The malicious code triggers redirect URLs that point to a fake browser update page (Google Chrome, Mozilla Firefox, and Internet Explorer), as well as a fake Flash Player update.

“The decoy pages are hosted on compromised hosts via sub-domains using URIs with very short life spans. Some of those domains have a live (and legitimate website) whereas others are simply parked,” comments researcher Jérôme Segura.

The updates are disguised as JavaScript files that are retrieved from Dropbox. The Dropbox link is updated regularly and well-hidden.

“This JavaScript is heavily obfuscated to make static analysis very difficult and also to hide some crucial fingerprinting that is designed to evade virtual machines and sandboxes,” Segura explains.

The file collect information about the target system including BIOS, MAC address, processes, manufacturer, and its architecture.

Upon successful infection, the process delivers callbacks to its command & control server. The payload is both digitally signed and uses evasion techniques to defeat sandboxes.

One particular sample delivered a variant of the ZeusVM malware called Chtonic. The malware has been around since at least 2014.

Another malware sample downloaded a Remote Access Trojan called NetSupport Remote Access Tool.

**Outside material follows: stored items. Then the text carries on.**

text \<open>Acyclicity keeps such a witness under each further flip: the flip either improves it
  again, or changes one of its ancestors (which becomes the new witness), or leaves all its
  ancestors alone.\<close>

lemma trancl_flips_improved_variable:
  assumes ac: "cpnet_ac n m k N" and "(u, v) \<in> (flips n m N)\<^sup>+"
  shows "\<exists>i<n. (\<forall>j. (j, i) \<in> (parent_rel N n)\<^sup>+ \<longrightarrow> v j = u j) \<and> snd N i (ctx (fst N) i u) (v i) (u i)"
  using assms(2)
proof (induction rule: trancl_induct)
  let ?anc = "(parent_rel N n)\<^sup>+"
  have no_self_ancestor: "(j, j) \<notin> ?anc" for j
    using cpnet_ac_acyclic[OF ac] unfolding acyclic_def by blast
  {
    case (base v)
    then obtain i where "i < n" "\<forall>j. j \<noteq> i \<longrightarrow> v j = u j" "snd N i (ctx (fst N) i u) (v i) (u i)"
      by (rule flipsE)
    then show ?case using no_self_ancestor by metis
  next
    case (step y z)
    then obtain i where i: "i < n" and fixed: "\<forall>j. (j, i) \<in> ?anc \<longrightarrow> y j = u j"
      and improved: "snd N i (ctx (fst N) i u) (y i) (u i)" by blast
    obtain l where l: "l < n" "y \<in> outcomes n m" "z \<in> outcomes n m" and z: "\<forall>j. j \<noteq> l \<longrightarrow> z j = y j"
      and flip: "snd N l (ctx (fst N) l y) (z l) (y l)"
      using step(2) by (rule flipsE)
    have u: "u \<in> outcomes n m" using trancl_flips_outcomes[OF step(1)] by blast
    consider "l = i" | "l \<noteq> i" "(l, i) \<in> ?anc" | "(l, i) \<notin> ?anc" "l \<noteq> i" by blast
    then show ?case
    proof cases
      case 1
      have st: "strict_total_on {0..<m} (snd N i (ctx (fst N) i u))"
        using cpnet_ac_strict_total[OF ac i u] .
      have "snd N i (ctx (fst N) i u) (z i) (y i)"
        using flip 1 ctx_eq_if_ancestors_fixed[OF i fixed] by simp
      moreover have "z i \<in> {0..<m}" "y i \<in> {0..<m}" "u i \<in> {0..<m}"
        using outcomes_less u l i by auto
      ultimately have "snd N i (ctx (fst N) i u) (z i) (u i)"
        using strict_total_on_trans[OF st] improved by blast
      moreover have "\<forall>j. (j, i) \<in> ?anc \<longrightarrow> z j = u j"
        using fixed z 1 no_self_ancestor by metis
      ultimately show ?thesis using i by blast
    next
      case 2
      have fixed_l: "\<forall>j. (j, l) \<in> ?anc \<longrightarrow> z j = u j"
        using fixed z 2(2) no_self_ancestor by (metis trancl_trans)
      have "ctx (fst N) l y = ctx (fst N) l u"
        using ctx_eq_if_ancestors_fixed[OF l(1)] fixed 2(2) by (metis trancl_trans)
      moreover have "y l = u l" using fixed 2(2) by blast
      ultimately show ?thesis using l(1) fixed_l flip by auto
    next
      case 3
      then show ?thesis using i fixed z improved by metis
    qed
  }
qed

lemma trancl_flips_irrefl:
  assumes ac: "cpnet_ac n m k N"
  shows "(u, u) \<notin> (flips n m N)\<^sup>+"
proof
  assume path: "(u, u) \<in> (flips n m N)\<^sup>+"
  then obtain i where i: "i < n" and loop: "snd N i (ctx (fst N) i u) (u i) (u i)"
    using trancl_flips_improved_variable[OF ac] by blast
  have u: "u \<in> outcomes n m" using trancl_flips_outcomes[OF path] by blast
  then have "u i \<in> {0..<m}" using outcomes_less i by simp
  then show False
    using loop strict_total_on_irrefl[OF cpnet_ac_strict_total[OF ac i u]] by blast
qed

definition swap_at :: "nat \<Rightarrow> nat \<Rightarrow> nat \<Rightarrow> (nat \<Rightarrow> nat) \<Rightarrow> (nat \<Rightarrow> nat) \<Rightarrow> bool" where
  "swap_at n m i a b \<longleftrightarrow>
     a \<in> outcomes n m \<and> b \<in> outcomes n m \<and> i < n \<and> a i \<noteq> b i \<and> (\<forall>j. j \<noteq> i \<longrightarrow> a j = b j)"

lemma swap_at_sym: "swap_at n m i a b \<Longrightarrow> swap_at n m i b a"
  unfolding swap_at_def by metis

“Once again, we noticed the heavy use of obfuscation throughout the delivery of this program that can be used for malicious purposes (file transfer, remote Desktop, etc),” Segura comments.

He says that the campaign uses social engineering and the abuse of a legitimate file hosting service. Because the bait file uses a script rather than an executable, attackers can find different ways to hide the malware.

“Compromised websites were abused to not only redirect users but also to host the fake updates scheme, making their owners unwitting participants in a malware campaign. This is why it is so important to keep Content Management Systems up to date, as well as use good security hygiene when it comes to authentication,” Secura concludes.